The last part of the programme is a composition of Tchaikovsky, whose biography has been equipped with lots of strange stories about his alleged habits. It is a fact that he suffered from depression, but he is also supposed to be hypochondriac with strange obsessions. For instance, probably he never drank unbottled water, what was actually not a bad idea, given the epidemic of cholera in Russia in the 19th century. On the other hand, he was diagnosed with cholera which, probably, caused his death at the age of 53. But according to some other theories, Tchaikovsky committed suicide by poisoning himself with arsenic. It's not decided what was the real reason of his death, but it's also impossible to reject the theory of the suicide after listening to the music of Tchaikovsky, full of pain, suffering and longing. 

I hope you'll enjoy the concert as much as I do enjoy preparing for it. 

By now, here's one of my favourites Tchaikovsky's piano pieces:






Sunday, December 6, 2015

I don't know if you missed my commentaries or you didn't even notice that I wasn't here for such a long time. I won't try to justify it, despite of the fact that the truth is that once again I realized that I don't live in accordance with Mars's solar day. And it... is not very nice ;)

Tonight I'd like to share with you some thoughts about one of the most particular European cities: Berlin. Now I'm in Polski Bus, going back to Poland and trying to stop thinking about my poor violin that has been forced to travel in the hod of baggage instead of sleeping on my tired arms, and I'm thinking about some features that makes Berlin so special.

When you look around the streets, you realize that it's impossible to be 'different' there. You can see people from all around the world, people of all religions, all nations, all political beliefs, all appearances... The best thing about it is that nobody feels strange there. Strange as a stranger and strange as a different one. What I'm trying to say is that there are so many foreigners (strangers, xenos) that you don't feel like you don't fit there because of your mother tongue and origin. At the same time, you don't feel strange because of your clothes, your haircut or who you're going out with. There will be always someone like you or someone far less ordinary than you.

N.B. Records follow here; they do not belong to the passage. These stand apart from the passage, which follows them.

(* Let $G$ be a finite simple undirected graph on $N$ vertices with Laplacian $L$, and fix $t\ge 0$. Among all classical (diagonal) states $\rho_{\mathrm C}=\sum_{k=1}^N z_k\,|k\rangle\langle k|$ (with $z_k\ge 0$, $\sum_k z_k=1$), the minimum of $\mathcal F\big(\mathcal E_{\mathrm C}(\rho_{\mathrm C}),\mathcal E_{\mathrm Q}(\rho_{\mathrm C})\big)$ is attained at a localized state $\rho_j=|j\rangle\langle j|$ for some vertex $j$; that is, $$\min_{\rho_{\mathrm C}}\mathcal F\big(\mathcal E_{\mathrm C}(\rho_{\mathrm C}),\mathcal E_{\mathrm Q}(\rho_{\mathrm C})\big)=\min_{j}\mathcal F\big(\mathcal E_{\mathrm C}(\rho_j),\mathcal E_{\mathrm Q}(\rho_j)\big).$$ Consequently $D_{QC}(t)=\max_j\big(1-\mathcal F(\mathcal E_{\mathrm C}(\rho_j),\mathcal E_{\mathrm Q}(\rho_j))\big)$.
   Context: $G$ is a finite simple undirected graph with vertex set $\{1,\dots,N\}$; $\{|k\rangle\}_{k=1}^N$ is an orthonormal basis of $\mathbb C^N$ (localized states). The Laplacian $L$ is the real symmetric $N\times N$ matrix with $L_{jk}=1$ if $j\neq k$ are adjacent, $L_{jk}=0$ if $j\ne k$ are not adjacent, and $L_{jj}=-d_j$ where $d_j$ is the degree of vertex $j$. For $t\ge0$ define the classical map on density matrices $\mathcal E_{\mathrm C}(\rho)=\sum_{k}\big(\sum_j p_{kj}(t)\rho_{jj}\big)|k\rangle\langle k|$ with $p_{kj}(t)=\langle k|e^{Lt}|j\rangle$, and the quantum map $\mathcal E_{\mathrm Q}(\rho)=e^{iLt}\rho\, e^{-iLt}$. The fidelity is $\mathcal F(\rho_1,\rho_2)=\big[\mathrm{Tr}\sqrt{\sqrt{\rho_1}\rho_2\sqrt{\rho_1}}\big]^2$. The QC-distance is $D_{QC}(t)=1-\min_{\rho_{\mathrm C}}\mathcal F(\mathcal E_{\mathrm C}(\rho_{\mathrm C}),\mathcal E_{\mathrm Q}(\rho_{\mathrm C}))$, the minimum over all diagonal density matrices $\rho_{\mathrm C}$ in the basis $\{|k\rangle\}$. *)

theory Defs
  imports "HOL-Analysis.Analysis"
begin

text \<open>Vertices are the elements of a finite type 'n (so N = CARD('n) \<ge> 1).
  Matrices are complex ^'n^'n, indexed by the vertices (localized basis |k>).\<close>

definition simple_graph :: "('n::finite \<Rightarrow> 'n \<Rightarrow> bool) \<Rightarrow> bool" where
  "simple_graph E \<longleftrightarrow> (\<forall>i j. E i j \<longrightarrow> E j i) \<and> (\<forall>i. \<not> E i i)"

definition degree :: "('n::finite \<Rightarrow> 'n \<Rightarrow> bool) \<Rightarrow> 'n \<Rightarrow> nat" where
  "degree E j = card {k. E j k}"

text \<open>Laplacian with the paper's sign convention: L_jk = 1 if adjacent, L_jj = -d_j.\<close>
definition laplacian :: "('n::finite \<Rightarrow> 'n \<Rightarrow> bool) \<Rightarrow> real^'n^'n" where
  "laplacian E = (\<chi> j k. if j = k then - real (degree E j) else if E j k then 1 else 0)"

primrec matpow :: "'a::comm_ring_1^'n::finite^'n \<Rightarrow> nat \<Rightarrow> 'a^'n^'n" where
  "matpow A 0 = mat 1"
| "matpow A (Suc k) = A ** matpow A k"

definition mexp :: "complex^'n::finite^'n \<Rightarrow> complex^'n^'n" where
  "mexp A = (\<chi> i j. (\<Sum>k. (matpow A k) $ i $ j / of_nat (fact k)))"

definition cmat_of_real :: "real^'n::finite^'n \<Rightarrow> complex^'n^'n" where
  "cmat_of_real A = (\<chi> i j. complex_of_real (A $ i $ j))"

definition adjoint :: "complex^'n::finite^'n \<Rightarrow> complex^'n^'n" where
  "adjoint A = (\<chi> i j. cnj (A $ j $ i))"

definition mtrace :: "complex^'n::finite^'n \<Rightarrow> complex" where
  "mtrace A = (\<Sum>i\<in>UNIV. A $ i $ i)"

text \<open>Positive semidefinite: x* A x is real and nonnegative for every x (this forces Hermitian).\<close>
definition psd :: "complex^'n::finite^'n \<Rightarrow> bool" where
  "psd A \<longleftrightarrow> (\<forall>x::complex^'n. let q = (\<Sum>i\<in>UNIV. \<Sum>j\<in>UNIV. cnj (x $ i) * A $ i $ j * x $ j)
                                 in Im q = 0 \<and> Re q \<ge> 0)"

definition msqrt :: "complex^'n::finite^'n \<Rightarrow> complex^'n^'n" where
  "msqrt A = (THE B. psd B \<and> B ** B = A)"

text \<open>Fidelity F(r1,r2) = [Tr sqrt(sqrt r1 r2 sqrt r1)]^2 (the trace is real for density matrices).\<close>
definition fidelity :: "complex^'n::finite^'n \<Rightarrow> complex^'n^'n \<Rightarrow> real" where
  "fidelity r1 r2 = (Re (mtrace (msqrt (msqrt r1 ** r2 ** msqrt r1)))) ^ 2"

definition diag_mat :: "('n::finite \<Rightarrow> complex) \<Rightarrow> complex^'n^'n" where
  "diag_mat z = (\<chi> i j. if i = j then z i else 0)"

definition classical_states :: "(complex^'n::finite^'n) set" where
  "classical_states = {diag_mat (\<lambda>k. complex_of_real (z k)) | z. (\<forall>k. z k \<ge> 0) \<and> (\<Sum>k\<in>UNIV. z k) = 1}"

definition loc_state :: "'n::finite \<Rightarrow> complex^'n^'n" where
  "loc_state j = diag_mat (\<lambda>k. if k = j then 1 else 0)"

definition ptrans :: "('n::finite \<Rightarrow> 'n \<Rightarrow> bool) \<Rightarrow> real \<Rightarrow> 'n \<Rightarrow> 'n \<Rightarrow> complex" where
  "ptrans E t k j = mexp (t *\<^sub>R cmat_of_real (laplacian E)) $ k $ j"

definition classical_map :: "('n::finite \<Rightarrow> 'n \<Rightarrow> bool) \<Rightarrow> real \<Rightarrow> complex^'n^'n \<Rightarrow> complex^'n^'n" where
  "classical_map E t \<rho> = diag_mat (\<lambda>k. \<Sum>j\<in>UNIV. ptrans E t k j * \<rho> $ j $ j)"

definition quantum_map :: "('n::finite \<Rightarrow> 'n \<Rightarrow> bool) \<Rightarrow> real \<Rightarrow> complex^'n^'n \<Rightarrow> complex^'n^'n" where
  "quantum_map E t \<rho> =
     (let U = mexp (\<chi> a b. \<i> * complex_of_real t * laplacian E $ a $ b) in U ** \<rho> ** adjoint U)"

definition D_QC :: "('n::finite \<Rightarrow> 'n \<Rightarrow> bool) \<Rightarrow> real \<Rightarrow> real" where
  "D_QC E t = 1 - (INF \<rho>\<in>(classical_states :: (complex^'n^'n) set).
                     fidelity (classical_map E t \<rho>) (quantum_map E t \<rho>))"

end

theory Submission
  imports Defs
begin

text \<open>
  Write \<open>U = e\<^sup>i\<^sup>L\<^sup>t\<close>, \<open>p\<^sub>k\<^sub>j = \<langle>k|e\<^sup>L\<^sup>t|j\<rangle>\<close> and, for a classical state with weights \<open>z\<close>,
  \<open>q\<^sub>k = \<Sum>\<^sub>j p\<^sub>k\<^sub>j z\<^sub>j\<close> for the diagonal of \<open>\<E>\<^sub>C(\<rho>)\<close>. Then
  \<open>\<surd>\<E>\<^sub>C(\<rho>) \<E>\<^sub>Q(\<rho>) \<surd>\<E>\<^sub>C(\<rho>) = M = \<Sum>\<^sub>j z\<^sub>j a\<^sub>j a\<^sub>j\<^sup>*\<close> with \<open>a\<^sub>j\<^sub>k = \<surd>q\<^sub>k U\<^sub>k\<^sub>j\<close>,
  so the fidelity is \<open>(Tr \<surd>M)\<^sup>2\<close>; for the localized state \<open>\<rho>\<^sub>j\<close> the matrix \<open>M\<close> has rank one and
  the fidelity is \<open>f\<^sub>j = \<Sum>\<^sub>k p\<^sub>k\<^sub>j |U\<^sub>k\<^sub>j|\<^sup>2\<close>.

  For every positive definite \<open>A\<close>, Cauchy--Schwarz for the form of \<open>A\<^sup>-\<^sup>1\<close> gives
  \<open>|a\<^sub>j\<^sub>k|\<^sup>2 \<le> A\<^sub>k\<^sub>k \<cdot> a\<^sub>j\<^sup>* A\<^sup>-\<^sup>1 a\<^sub>j\<close>; since the weights \<open>p\<^sub>k\<^sub>j / q\<^sub>k\<close> sum to at most one against \<open>z\<close>,
  AM--GM yields \<open>\<Sum>\<^sub>j z\<^sub>j \<surd>f\<^sub>j \<le> (Tr A + Tr A\<^sup>-\<^sup>1 M) / 2\<close>, which tends to \<open>Tr \<surd>M\<close> as
  \<open>A \<rightarrow> \<surd>M\<close>. Hence \<open>\<surd>F(\<rho>) \<ge> \<Sum>\<^sub>j z\<^sub>j \<surd>f\<^sub>j \<ge> min\<^sub>j \<surd>f\<^sub>j\<close>. The argument needs
  \<open>p\<^sub>k\<^sub>j \<ge> 0\<close>, which holds because \<open>L + N I\<close> is entrywise nonnegative, and the
  existence and uniqueness of positive semidefinite square roots, obtained from the binomial
  series of \<open>\<surd>(1 - x)\<close>.
\<close>

section \<open>Positive semidefinite matrices\<close>

definition sesq :: "complex^'n::finite^'n \<Rightarrow> complex^'n \<Rightarrow> complex^'n \<Rightarrow> complex" where
  "sesq A x y = (\<Sum>i\<in>UNIV. \<Sum>j\<in>UNIV. cnj (x $ i) * A $ i $ j * y $ j)"
(* Let $q\ge2$ be even, $n\ge1$, $p\ge1$, let $\sigma$ be a permutation of $\mathbb{Z}_2^n$, and let $g:\mathbb{Z}_2^n\to\mathbb{Z}_q$ satisfy $g(y)\equiv\sum_{j=0}^{p-1}2^ja_j(y)\pmod q$ for Boolean functions $a_0,\dots,a_{p-1}$ on $\mathbb{Z}_2^n$. Let $f:\mathbb{Z}_2^n\times\mathbb{Z}_2^n\to\mathbb{Z}_q$, $f(x,y)=\frac q2\,x\cdot\sigma(y)+g(y)$, and for $i\in\{0,\dots,2^p-1\}$ let $g_i(x,y)=x\cdot\sigma(y)\oplus z_{i,0}a_0(y)\oplus\cdots\oplus z_{i,p-1}a_{p-1}(y)$, a Boolean function on $\mathbb{Z}_2^{2n}$. Then every $g_i$ is bent, and for every $u\in\mathbb{Z}_2^{2n}$ there exist $r\in\{0,\dots,2^p-1\}$ and $\epsilon\in\{\pm1\}$ with $(W_{g_0}(u),\dots,W_{g_{2^p-1}}(u))=\epsilon H^{(r)}_{2^p}$. Equivalently, for every $u$, every $t\in\{1,\dots,p\}$ and every $i\in\{0,\dots,2^{t-1}-1\}$, the product $W_{g_i}(u)W_{g_{i+2^{t-1}}}(u)\in\{\pm1\}$ depends only on $u$ and $t$ (not on $i$).
   Context: For $i\in\{0,\dots,2^m-1\}$, $z_i=(z_{i,0},\dots,z_{i,m-1})\in\mathbb{Z}_2^m$ is the binary vector with $i=\sum_j z_{i,j}2^j$. $H_{2^m}$ is the Sylvester–Hadamard matrix with entries $(H_{2^m})_{k,i}=(-1)^{z_k\cdot z_i}$, and $H^{(r)}_{2^m}$ its $r$-th row. For a Boolean function $G$ on $\mathbb{Z}_2^{N}$, $W_G(u)=2^{-N/2}\sum_{v\in\mathbb{Z}_2^N}(-1)^{G(v)\oplus u\cdot v}$, and $G$ is bent if $|W_G(u)|=1$ for all $u$. *)

theory Defs
  imports Complex_Main
begin

text \<open>Vectors of Z_2^n: functions nat => bool vanishing at indices >= n.\<close>
definition vecs :: "nat \<Rightarrow> (nat \<Rightarrow> bool) set" where
  "vecs n = {x. \<forall>i\<ge>n. \<not> x i}"

text \<open>Inner product over Z_2 (as a bool, True = 1).\<close>
definition dotp :: "nat \<Rightarrow> (nat \<Rightarrow> bool) \<Rightarrow> (nat \<Rightarrow> bool) \<Rightarrow> bool" where
  "dotp n x y = odd (card {i. i < n \<and> x i \<and> y i})"

text \<open>Z_2^{2n} identified with Z_2^n x Z_2^n; u.v = u1.v1 xor u2.v2.\<close>
definition dotp2 :: "nat \<Rightarrow> (nat \<Rightarrow> bool) \<times> (nat \<Rightarrow> bool) \<Rightarrow> (nat \<Rightarrow> bool) \<times> (nat \<Rightarrow> bool) \<Rightarrow> bool" where
  "dotp2 n u v = (dotp n (fst u) (fst v) \<noteq> dotp n (snd u) (snd v))"

definition sgn_bool :: "bool \<Rightarrow> real" where
  "sgn_bool b = (if b then -1 else 1)"

definition walsh2 :: "nat \<Rightarrow> ((nat \<Rightarrow> bool) \<times> (nat \<Rightarrow> bool) \<Rightarrow> bool)
    \<Rightarrow> (nat \<Rightarrow> bool) \<times> (nat \<Rightarrow> bool) \<Rightarrow> real" where
  "walsh2 n G u = 2 powr (- real (2*n) / 2) *
     (\<Sum>v\<in>vecs n \<times> vecs n. sgn_bool (G v \<noteq> dotp2 n u v))"

definition bent2 :: "nat \<Rightarrow> ((nat \<Rightarrow> bool) \<times> (nat \<Rightarrow> bool) \<Rightarrow> bool) \<Rightarrow> bool" where
  "bent2 n G = (\<forall>u\<in>vecs n \<times> vecs n. \<bar>walsh2 n G u\<bar> = 1)"

text \<open>Entry (k,i) of the Sylvester--Hadamard matrix H_{2^m}: (-1)^(z_k . z_i),
  where z_i is the binary expansion of i (bit j = coefficient of 2^j).\<close>
definition hadamard :: "nat \<Rightarrow> nat \<Rightarrow> nat \<Rightarrow> real" where
  "hadamard m k i = sgn_bool (odd (card {j. j < m \<and> bit k j \<and> bit i j}))"

end

theory Submission imports Defs begin

unbundle bit_operations_syntax

text \<open>Each g_i is a Maiorana--McFarland function x \<cdot> \<sigma>(y) \<oplus> h_i(y). Summing over x first,
  the character sum collapses onto the unique y_0 with \<sigma>(y_0) = u_1, so
  W_{g_i}(u_1,u_2) = (-1)^{h_i(y_0) \<oplus> u_2 \<cdot> y_0}. Since h_i(y_0) = z_i \<cdot> z_r, where r is the
  number whose binary digits are a_0(y_0), ..., a_{p-1}(y_0), the vector of Walsh values at u
  is \<plusminus> the r-th row of H_{2^p}. Finally H_{r,i} H_{r,i+2^{t-1}} = (-1)^{z_{r,t-1}} for
  i < 2^{t-1}, because adding 2^{t-1} to such an i just sets bit t-1.\<close>

lemma sgn_bool_xor: "sgn_bool (a \<noteq> b) = sgn_bool a * sgn_bool b"
  by (simp add: sgn_bool_def)

lemma abs_sgn_bool [simp]: "\<bar>sgn_bool b\<bar> = 1"
  by (simp add: sgn_bool_def)

lemma sgn_bool_in_units: "sgn_bool b \<in> {1, -1}"
  by (simp add: sgn_bool_def)

lemma odd_card_sym_diff:
  assumes "finite A" "finite B"
  shows "odd (card ((A - B) \<union> (B - A))) = (odd (card A) \<noteq> odd (card B))"
proof -
  have "card A = card (A - B) + card (A \<inter> B)" "card B = card (B - A) + card (A \<inter> B)"
    using assms by (metis Int_Diff_disjoint Un_Diff_Int card_Un_disjoint finite_Diff finite_Int
        inf_commute)+
  moreover have "card ((A - B) \<union> (B - A)) = card (A - B) + card (B - A)"
    using assms by (intro card_Un_disjoint) auto
  ultimately show ?thesis by auto
qed

lemma dotp_commute: "dotp n x y = dotp n y x"
proof -
  have "{i. i < n \<and> x i \<and> y i} = {i. i < n \<and> y i \<and> x i}" by blast
  then show ?thesis by (simp add: dotp_def)
qed

lemma dotp_xor_left: "dotp n (\<lambda>i. x i \<noteq> y i) w = (dotp n x w \<noteq> dotp n y w)"
proof -
  let ?A = "{i. i < n \<and> x i \<and> w i}" and ?B = "{i. i < n \<and> y i \<and> w i}"
  have "{i. i < n \<and> (x i \<noteq> y i) \<and> w i} = (?A - ?B) \<union> (?B - ?A)" by auto
  then show ?thesis unfolding dotp_def using odd_card_sym_diff[of ?A ?B] by simp
qed

lemma dotp_xor_right: "dotp n w (\<lambda>i. x i \<noteq> y i) = (dotp n w x \<noteq> dotp n w y)"
  unfolding dotp_commute[of n w] by (rule dotp_xor_left)

lemma dotp_unit_vector:
  assumes "k < n"
  shows "dotp n (\<lambda>i. i = k) w = w k"
proof -
  have "{i. i < n \<and> i = k \<and> w i} = (if w k then {k} else {})" using assms by auto
  then show ?thesis by (simp add: dotp_def)
qed

lemma finite_vecs: "finite (vecs n)" and card_vecs: "card (vecs n) = 2 ^ n"
proof -
  have b: "bij_betw (\<lambda>S i. i \<in> S) (Pow {..<n}) (vecs n)"
    by (rule bij_betw_byWitness[where f' = "\<lambda>x. {i. x i}"]) (auto simp: vecs_def not_le[symmetric])
  show "finite (vecs n)" using bij_betw_finite[OF b] by simp
  show "card (vecs n) = 2 ^ n" using bij_betw_same_card[OF b] card_Pow[of "{..<n}"] by simp
qed

lemma xor_in_vecs: "x \<in> vecs n \<Longrightarrow> y \<in> vecs n \<Longrightarrow> (\<lambda>i. x i \<noteq> y i) \<in> vecs n"
  by (simp add: vecs_def)

lemma bij_betw_translate_vecs:
  assumes "e \<in> vecs n"
  shows "bij_betw (\<lambda>x i. x i \<noteq> e i) (vecs n) (vecs n)"
  by (rule bij_betw_byWitness[where f' = "\<lambda>x i. x i \<noteq> e i"]) (use assms in \<open>auto simp: vecs_def\<close>)

lemma sum_sgn_dotp:
  assumes "w \<in> vecs n"
  shows "(\<Sum>x\<in>vecs n. sgn_bool (dotp n x w)) = (if w = (\<lambda>_. False) then 2 ^ n else 0)"
proof (cases "w = (\<lambda>_. False)")
  case True
  then show ?thesis by (simp add: dotp_def sgn_bool_def card_vecs)
next
  case False
  then obtain k where "w k" by auto
  moreover have "k < n" using \<open>w k\<close> assms by (auto simp: vecs_def not_le[symmetric])
  ultimately have e: "(\<lambda>i. i = k) \<in> vecs n" "dotp n (\<lambda>i. i = k) w"
    by (auto simp: vecs_def dotp_unit_vector)
  \<comment> \<open>translating by the unit vector e_k with w_k = 1 flips every summand\<close>
  have "(\<Sum>x\<in>vecs n. sgn_bool (dotp n x w))
      = (\<Sum>x\<in>vecs n. sgn_bool (dotp n (\<lambda>i. x i \<noteq> (i = k)) w))"
    by (rule sum.reindex_bij_betw[OF bij_betw_translate_vecs[OF e(1)], symmetric])
  also have "\<dots> = (\<Sum>x\<in>vecs n. sgn_bool (dotp n x w) * sgn_bool True)"
    by (simp only: dotp_xor_left e(2) sgn_bool_xor)
  also have "\<dots> = - (\<Sum>x\<in>vecs n. sgn_bool (dotp n x w))"
    by (simp add: sgn_bool_def sum_negf)
  finally show ?thesis using False by simp
qed

lemma walsh2_maiorana_mcfarland:
  assumes bij: "bij_betw \<sigma> (vecs n) (vecs n)" and u: "u \<in> vecs n \<times> vecs n"
    and y0: "y0 \<in> vecs n" "\<sigma> y0 = fst u"
  shows "walsh2 n (\<lambda>(x, y). dotp n x (\<sigma> y) \<noteq> h y) u = sgn_bool (h y0 \<noteq> dotp n (snd u) y0)"
proof -
  obtain u1 u2 where uu: "u = (u1, u2)" and u1: "u1 \<in> vecs n" using u by auto
  define c where "c y = sgn_bool (h y \<noteq> dotp n u2 y)" for y
  have summand: "sgn_bool ((case v of (x, y) \<Rightarrow> dotp n x (\<sigma> y) \<noteq> h y) \<noteq> dotp2 n u v)
      = (case v of (x, y) \<Rightarrow> c y * sgn_bool (dotp n x (\<lambda>i. \<sigma> y i \<noteq> u1 i)))" for v
    using dotp_xor_right[of n "fst v" "\<sigma> (snd v)" u1]
    by (cases v) (simp add: c_def dotp2_def uu dotp_commute[of n u1] sgn_bool_def)
  have inner: "(\<Sum>x\<in>vecs n. sgn_bool (dotp n x (\<lambda>i. \<sigma> y i \<noteq> u1 i)))
      = (if y = y0 then 2 ^ n else 0)" if y: "y \<in> vecs n" for y
  proof -
    have "((\<lambda>i. \<sigma> y i \<noteq> u1 i) = (\<lambda>_. False)) = (\<sigma> y = u1)" by (auto simp: fun_eq_iff)
    also have "\<dots> = (y = y0)" using y0 uu y bij by (auto simp: bij_betw_def inj_on_def)
    finally show ?thesis
      using sum_sgn_dotp[OF xor_in_vecs[OF bij_betw_apply[OF bij y] u1]] by simp
  qed
  have "(\<Sum>v\<in>vecs n \<times> vecs n. sgn_bool ((case v of (x, y) \<Rightarrow> dotp n x (\<sigma> y) \<noteq> h y) \<noteq> dotp2 n u v))
      = (\<Sum>(x, y)\<in>vecs n \<times> vecs n. c y * sgn_bool (dotp n x (\<lambda>i. \<sigma> y i \<noteq> u1 i)))"
    by (rule sum.cong[OF refl summand])
  also have "\<dots> = (\<Sum>x\<in>vecs n. \<Sum>y\<in>vecs n. c y * sgn_bool (dotp n x (\<lambda>i. \<sigma> y i \<noteq> u1 i)))"
    by (rule sum.cartesian_product[symmetric])
  also have "\<dots> = (\<Sum>y\<in>vecs n. \<Sum>x\<in>vecs n. c y * sgn_bool (dotp n x (\<lambda>i. \<sigma> y i \<noteq> u1 i)))"
    by (rule sum.swap)
  also have "\<dots> = (\<Sum>y\<in>vecs n. c y * (if y = y0 then 2 ^ n else 0))"
    by (intro sum.cong refl) (simp only: sum_distrib_left[symmetric] inner)
  also have "\<dots> = c y0 * 2 ^ n"
    using finite_vecs y0 by (simp add: if_distrib[of "\<lambda>t. c _ * t"] cong: if_cong)
  finally show ?thesis
    by (simp add: walsh2_def c_def uu powr_minus powr_realpow[symmetric] divide_simps)
qed

lemma ex_nat_with_bits: "\<exists>r::nat<2 ^ p. \<forall>j. bit r j = (j < p \<and> P j)"
proof -
  define r :: nat where "r = take_bit p (horner_sum of_bool 2 (map P [0..<p]))"
  have "bit r j = (j < p \<and> P j)" for j
    by (cases "j < p") (simp_all add: r_def bit_take_bit_iff bit_horner_sum_bit_iff)
  moreover have "r < 2 ^ p" by (simp add: r_def)
  ultimately show ?thesis by blast
qed

lemma abs_hadamard: "\<bar>hadamard m k i\<bar> = 1"
  by (simp add: hadamard_def)

lemma hadamard_mult_shift:
  assumes "k < m" and "i < 2 ^ k"
  shows "hadamard m r i * hadamard m r (i + 2 ^ k) = sgn_bool (bit r k)"
proof -
  have bit_i: "bit i j \<Longrightarrow> j < k" for j
    using assms(2) by (metis bit_take_bit_iff take_bit_nat_eq_self_iff)
  have "i + 2 ^ k = i OR 2 ^ k"
    by (rule disjunctive_add_eq_or) (auto intro!: bit_eqI dest: bit_i simp: bit_and_iff bit_exp_iff)
  then have bit_shift: "bit (i + 2 ^ k) j = (bit i j \<or> j = k)" for j
    by (simp add: bit_or_iff bit_exp_iff)
  let ?S = "{j. j < m \<and> bit r j \<and> bit i j}"
  have "{j. j < m \<and> bit r j \<and> bit (i + 2 ^ k) j} = (if bit r k then insert k ?S else ?S)"
    using assms(1) by (auto simp: bit_shift)
  moreover have "k \<notin> ?S" using bit_i by blast
  ultimately show ?thesis by (simp add: hadamard_def sgn_bool_def)
qed

lemma signed_hadamard_row_pair_products:
  assumes "\<epsilon> \<in> {1, -1}" and W: "\<forall>i<2 ^ p. w i = \<epsilon> * hadamard p r i"
    and "1 \<le> t" "t \<le> p"
  shows "\<exists>c\<in>{1, -1::real}. \<forall>i<2 ^ (t - 1). w i * w (i + 2 ^ (t - 1)) = c"
proof (intro bexI allI impI)
  have "(2::nat) ^ (t - 1) + 2 ^ (t - 1) = 2 ^ t" using assms(3) by (cases t) auto
  then have two_halves: "(2::nat) ^ (t - 1) + 2 ^ (t - 1) \<le> 2 ^ p"
    using assms(4) power_increasing[of t p "2::nat"] by simp
  fix i :: nat assume "i < 2 ^ (t - 1)"
  with two_halves have "w i * w (i + 2 ^ (t - 1))
      = (\<epsilon> * \<epsilon>) * (hadamard p r i * hadamard p r (i + 2 ^ (t - 1)))"
    using W by simp
  also have "\<dots> = sgn_bool (bit r (t - 1))"
    using assms \<open>i < 2 ^ (t - 1)\<close> hadamard_mult_shift[of "t - 1" p i r] by auto
  finally show "w i * w (i + 2 ^ (t - 1)) = sgn_bool (bit r (t - 1))" .
qed (rule sgn_bool_in_units)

Is it only because of the fact that Berlin is one of the biggest 'multiculti' society? Is it impossible for more homogeneous communities to be more like this? I don't know it yet. I only know that Berlin is a unique place on the European map. And that I wish that some part of Polish people wouldn't feel so uncomfortable being themselves in their own country. That they wouldn't feel strange there where they're not strangers.